The summit also unveiled the Content India Trends Report, whose findings made for bracing reading. Daoud Jackson, senior analyst at OMDIA, set the tone: “By 2030, online video in India will nearly double the revenue of traditional TV, becoming the main driver of growth.” He noted that in 2025, India produced a quarter of all YouTube videos globally, overtaking the United States, while Indians collectively spend 117 years daily on YouTube and 72 years on Instagram. Traditional subscription TV is declining as free TV and connected TV gain ground, forcing broadcasters to innovate. “AI-generated content is just 2 per cent of engagement,” Jackson added, “highlighting the dominance of high-quality human content. The key for Indian media companies is scaling while monetising effectively from day one.”
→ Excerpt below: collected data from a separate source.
lemma comm_group_image:
  assumes G: "comm_group G"
    and onto: "f ` carrier G = S"
    and mult: "\<And>x y. x \<in> carrier G \<Longrightarrow> y \<in> carrier G \<Longrightarrow> m (f x) (f y) = f (x \<otimes>\<^bsub>G\<^esub> y)"
  shows "comm_group \<lparr>carrier = S, monoid.mult = m, one = f \<one>\<^bsub>G\<^esub>\<rparr>"
proof -
  interpret G: comm_group G by (fact G)
  show ?thesis
  proof (rule comm_groupI; simp only: partial_object.simps monoid.simps)
    show "f \<one>\<^bsub>G\<^esub> \<in> S" using onto by blast
  next
    fix x y assume "x \<in> S" "y \<in> S"
    then show "m x y \<in> S" using onto mult by auto
  next
    fix x y z assume "x \<in> S" "y \<in> S" "z \<in> S"
    then show "m (m x y) z = m x (m y z)" using onto by (auto simp: mult G.m_assoc)
  next
    fix x y assume "x \<in> S" "y \<in> S"
    then show "m x y = m y x" using onto by (auto simp: mult G.m_comm)
  next
    fix x assume "x \<in> S"
    then show "m (f \<one>\<^bsub>G\<^esub>) x = x" using onto by (auto simp: mult)
  next
    fix x assume "x \<in> S"
    then obtain g where "g \<in> carrier G" "x = f g" using onto by blast
    then show "\<exists>y\<in>S. m y x = f \<one>\<^bsub>G\<^esub>"
      using onto by (intro bexI[of _ "f (inv\<^bsub>G\<^esub> g)"]) (auto simp: mult)
  qed
qed

lemma hom_onto_image:
  assumes onto: "f ` carrier G = S"
    and mult: "\<And>x y. x \<in> carrier G \<Longrightarrow> y \<in> carrier G \<Longrightarrow> m (f x) (f y) = f (x \<otimes>\<^bsub>G\<^esub> y)"
  shows "f \<in> hom G \<lparr>carrier = S, monoid.mult = m, one = f \<one>\<^bsub>G\<^esub>\<rparr>"
  using assms by (auto intro!: homI)

lemma hom_from_image:
  assumes "monoid G" and onto: "f ` carrier G = S"
    and mult: "\<And>x y. x \<in> carrier G \<Longrightarrow> y \<in> carrier G \<Longrightarrow> m (f x) (f y) = f (x \<otimes>\<^bsub>G\<^esub> y)"
    and \<phi>: "\<phi> \<in> hom G Z" and factor: "\<And>x. x \<in> carrier G \<Longrightarrow> g (f x) = \<phi> x"
  shows "g \<in> hom \<lparr>carrier = S, monoid.mult = m, one = f \<one>\<^bsub>G\<^esub>\<rparr> Z"
proof (rule homI; simp only: partial_object.simps monoid.simps)
  fix x assume "x \<in> S"
  with onto factor \<phi> show "g x \<in> carrier Z" by (auto intro: hom_in_carrier)
next
  fix x y assume "x \<in> S" "y \<in> S"
  with onto factor \<phi> \<open>monoid G\<close> show "g (m x y) = g x \<otimes>\<^bsub>Z\<^esub> g y"
    by (auto simp: mult hom_mult monoid.m_closed)
qed

(* Descending an extension G of Y by H along a surjection f of G and a quotient map \<pi> of Y:
   (inj) and (ker) say that f identifies no two elements of H and collapses everything over
   the kernel of \<pi> into the image of H. *)
lemma group_ext_image:
  assumes ext: "group_ext H G Y p act" and "group H" "group Y" "group Z"
    and quot: "\<pi> \<in> hom Y Z" "\<pi> ` carrier Y = carrier Z"
    and onto: "f ` carrier G = S"
    and mult: "\<And>x y. x \<in> carrier G \<Longrightarrow> y \<in> carrier G \<Longrightarrow> m (f x) (f y) = f (x \<otimes>\<^bsub>G\<^esub> y)"
    and proj: "\<And>x. x \<in> carrier G \<Longrightarrow> pS (f x) = \<pi> (p x)"
    and action: "\<And>h x. h \<in> carrier H \<Longrightarrow> x \<in> carrier G \<Longrightarrow> actS h (f x) = f (act h x)"
    and inj: "inj_on (\<lambda>h. f (act h \<one>\<^bsub>G\<^esub>)) (carrier H)"
    and ker: "\<And>x. x \<in> carrier G \<Longrightarrow> \<pi> (p x) = \<one>\<^bsub>Z\<^esub> \<Longrightarrow> \<exists>h\<in>carrier H. f x = f (act h \<one>\<^bsub>G\<^esub>)"
  shows "group_ext H \<lparr>carrier = S, monoid.mult = m, one = f \<one>\<^bsub>G\<^esub>\<rparr> Z pS actS"
proof -
  let ?S = "\<lparr>carrier = S, monoid.mult = m, one = f \<one>\<^bsub>G\<^esub>\<rparr>"
  have G: "comm_group G" and p: "p \<in> hom G Y" "p ` carrier G = carrier Y"
    and i: "(\<lambda>h. act h \<one>\<^bsub>G\<^esub>) \<in> hom H G" "(\<lambda>h. act h \<one>\<^bsub>G\<^esub>) ` carrier H = kernel G Y p"
    and transl: "\<And>h g. h \<in> carrier H \<Longrightarrow> g \<in> carrier G \<Longrightarrow> act h g = act h \<one>\<^bsub>G\<^esub> \<otimes>\<^bsub>G\<^esub> g"
    using ext unfolding group_ext_def by auto
  interpret G: comm_group G by (fact G)
  have act_one_in: "act h \<one>\<^bsub>G\<^esub> \<in> carrier G" if "h \<in> carrier H" for h
    using i(1) that by (rule hom_in_carrier)
  have hom_S: "pS \<in> hom ?S Z"
    using hom_from_image[OF G.is_monoid onto mult hom_compose[OF p(1) quot(1)]] proj by simp
  have "pS ` S = \<pi> ` p ` carrier G"
    using onto proj by (force simp: image_image)
  then have surj_S: "pS ` S = carrier Z" using p quot by simp
  have hom_H: "(\<lambda>h. actS h (f \<one>\<^bsub>G\<^esub>)) \<in> hom H ?S"
    using group.hom_restrict[OF \<open>group H\<close> hom_compose[OF i(1) hom_onto_image[OF onto mult]]]
    by (simp add: action act_one_in)
  have ker_S: "(\<lambda>h. actS h (f \<one>\<^bsub>G\<^esub>)) ` carrier H = kernel ?S Z pS"
  proof (intro equalityI subsetI)
    fix q assume "q \<in> (\<lambda>h. actS h (f \<one>\<^bsub>G\<^esub>)) ` carrier H"
    then obtain h where h: "h \<in> carrier H" "q = f (act h \<one>\<^bsub>G\<^esub>)" by (auto simp: action)
    then have "p (act h \<one>\<^bsub>G\<^esub>) = \<one>\<^bsub>Y\<^esub>" using i(2) unfolding kernel_def by blast
    then have "pS q = \<one>\<^bsub>Z\<^esub>"
      using h proj act_one_in hom_one[OF quot(1) \<open>group Y\<close> \<open>group Z\<close>] by simp
    then show "q \<in> kernel ?S Z pS" using h onto act_one_in unfolding kernel_def by auto
  next
    fix q assume "q \<in> kernel ?S Z pS"
    then obtain x where "x \<in> carrier G" "q = f x" "\<pi> (p x) = \<one>\<^bsub>Z\<^esub>"
      using onto proj unfolding kernel_def by auto
    then show "q \<in> (\<lambda>h. actS h (f \<one>\<^bsub>G\<^esub>)) ` carrier H" using ker by (force simp: action)
  qed
  have inj_S: "inj_on (\<lambda>h. actS h (f \<one>\<^bsub>G\<^esub>)) (carrier H)"
    using inj by (rule inj_on_cong[THEN iffD1, rotated]) (simp add: action)
  have transl_S: "actS h q = m (actS h (f \<one>\<^bsub>G\<^esub>)) q" if "h \<in> carrier H" "q \<in> S" for h q
  proof -
    obtain g where g: "g \<in> carrier G" "q = f g" using \<open>q \<in> S\<close> onto by blast
    then show ?thesis using that transl[of h g] by (simp add: action mult act_one_in)
  qed
  show ?thesis
    using comm_group_image[of G f S m, OF G onto mult] hom_S surj_S hom_H inj_S ker_S transl_S
    unfolding group_ext_def by simp
qed

definition induced_fun :: "('p \<Rightarrow> 'q) \<Rightarrow> 'p set \<Rightarrow> ('p \<Rightarrow> 'z) \<Rightarrow> 'q \<Rightarrow> 'z" where
  "induced_fun cls P f q = f (SOME x. x \<in> P \<and> cls x = q)"

lemma induced_fun_eq:
  assumes "x \<in> P" and "\<And>y. y \<in> P \<Longrightarrow> cls y = cls x \<Longrightarrow> f y = f x"
  shows "induced_fun cls P f (cls x) = f x"
proof -
  let ?y = "SOME y. y \<in> P \<and> cls y = cls x"
  have "\<exists>y. y \<in> P \<and> cls y = cls x" using assms(1) by blast
  then have "?y \<in> P \<and> cls ?y = cls x" by (rule someI_ex)
  then show ?thesis unfolding induced_fun_def using assms(2)[of ?y] by simp
qed

(* The representatives are chosen jointly, subject to R, since the partial laws of a
   biextension are only defined on pairs lying over a common point. *)
definition induced_op ::
  "('p \<Rightarrow> 'q) \<Rightarrow> 'p set \<Rightarrow> ('p \<Rightarrow> 'p \<Rightarrow> bool) \<Rightarrow> ('p \<Rightarrow> 'p \<Rightarrow> 'z) \<Rightarrow> 'q \<Rightarrow> 'q \<Rightarrow> 'z" where
  "induced_op cls P R f q1 q2 =
     (case SOME (x1, x2). x1 \<in> P \<and> x2 \<in> P \<and> cls x1 = q1 \<and> cls x2 = q2 \<and> R x1 x2 of
        (x1, x2) \<Rightarrow> f x1 x2)"

lemma induced_op_eq:
  assumes "x1 \<in> P" "x2 \<in> P" "R x1 x2"
    and "\<And>y1 y2. y1 \<in> P \<Longrightarrow> y2 \<in> P \<Longrightarrow> cls y1 = cls x1 \<Longrightarrow> cls y2 = cls x2 \<Longrightarrow> R y1 y2 \<Longrightarrow>
           f y1 y2 = f x1 x2"
  shows "induced_op cls P R f (cls x1) (cls x2) = f x1 x2"
proof -
  define y where "y = (SOME (y1, y2). y1 \<in> P \<and> y2 \<in> P \<and> cls y1 = cls x1 \<and> cls y2 = cls x2 \<and> R y1 y2)"
  have "\<exists>y. case y of (y1, y2) \<Rightarrow> y1 \<in> P \<and> y2 \<in> P \<and> cls y1 = cls x1 \<and> cls y2 = cls x2 \<and> R y1 y2"
    using assms(1-3) by blast
  then have "case y of (y1, y2) \<Rightarrow> y1 \<in> P \<and> y2 \<in> P \<and> cls y1 = cls x1 \<and> cls y2 = cls x2 \<and> R y1 y2"
    unfolding y_def by (rule someI_ex)
  then show ?thesis
    unfolding induced_op_def y_def[symmetric] using assms(4)[of "fst y" "snd y"] by (simp split: prod.splits)
qed

lemma lin_orbit_swap: "lin_orbit A' A (\<lambda>a' a. \<Sigma> a a') = lin_orbit A A' \<Sigma>"
  unfolding lin_orbit_def by (intro ext) auto

lemma biext_swap:
  assumes "biext GX GY H Q pr act add1 add2"
  shows "biext GY GX H Q (\<lambda>q. prod.swap (pr q)) act add2 add1"
proof -
  note bx = assms[unfolded biext_def]
  have compat: "\<forall>q11\<in>Q. \<forall>q12\<in>Q. \<forall>q21\<in>Q. \<forall>q22\<in>Q.
      fst (pr q11) = fst (pr q12) \<and> fst (pr q21) = fst (pr q22) \<and>
      snd (pr q11) = snd (pr q21) \<and> snd (pr q12) = snd (pr q22) \<longrightarrow>
      add2 (add1 q11 q12) (add1 q21 q22) = add1 (add2 q11 q21) (add2 q12 q22)"
    using bx by blast
  have "(\<lambda>q. prod.swap (pr q)) ` Q = prod.swap ` pr ` Q" by auto
  then have "(\<lambda>q. prod.swap (pr q)) ` Q = carrier GY \<times> carrier GX"
    using bx by auto
  moreover have "\<forall>q\<in>Q. \<forall>q'\<in>Q. prod.swap (pr q) = prod.swap (pr q') \<longrightarrow> (\<exists>h\<in>carrier H. q' = act h q)"
    using bx by (metis swap_swap)
  moreover have "\<forall>q11\<in>Q. \<forall>q12\<in>Q. \<forall>q21\<in>Q. \<forall>q22\<in>Q.
      snd (pr q11) = snd (pr q12) \<and> snd (pr q21) = snd (pr q22) \<and>
      fst (pr q11) = fst (pr q21) \<and> fst (pr q12) = fst (pr q22) \<longrightarrow>
      add1 (add2 q11 q12) (add2 q21 q22) = add2 (add1 q11 q21) (add1 q12 q22)"
    using compat by (metis (no_types, lifting))
  ultimately show ?thesis
    using bx unfolding biext_def fst_swap snd_swap by simp
qed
Hannah Walsh, principal analyst at Ampere Analysis, added hard numbers to the picture. India produced over 24,000 titles in January 2026 alone, with 19,000 available internationally. The country now accounts for 12 per cent of Asia-Pacific content spend, up from 8 per cent in 2021, outpacing both Japan and China. Key exporters include JioStar, Zee Entertainment, Sony India, Amazon and Netflix, delivering over 7,500 Indian-produced titles abroad each year. The top importing markets are Saudi Arabia, the UAE, Egypt, the United States and the Philippines. Scripted content dominates globally at 88 per cent, with crime dramas and children’s and family titles performing particularly strongly.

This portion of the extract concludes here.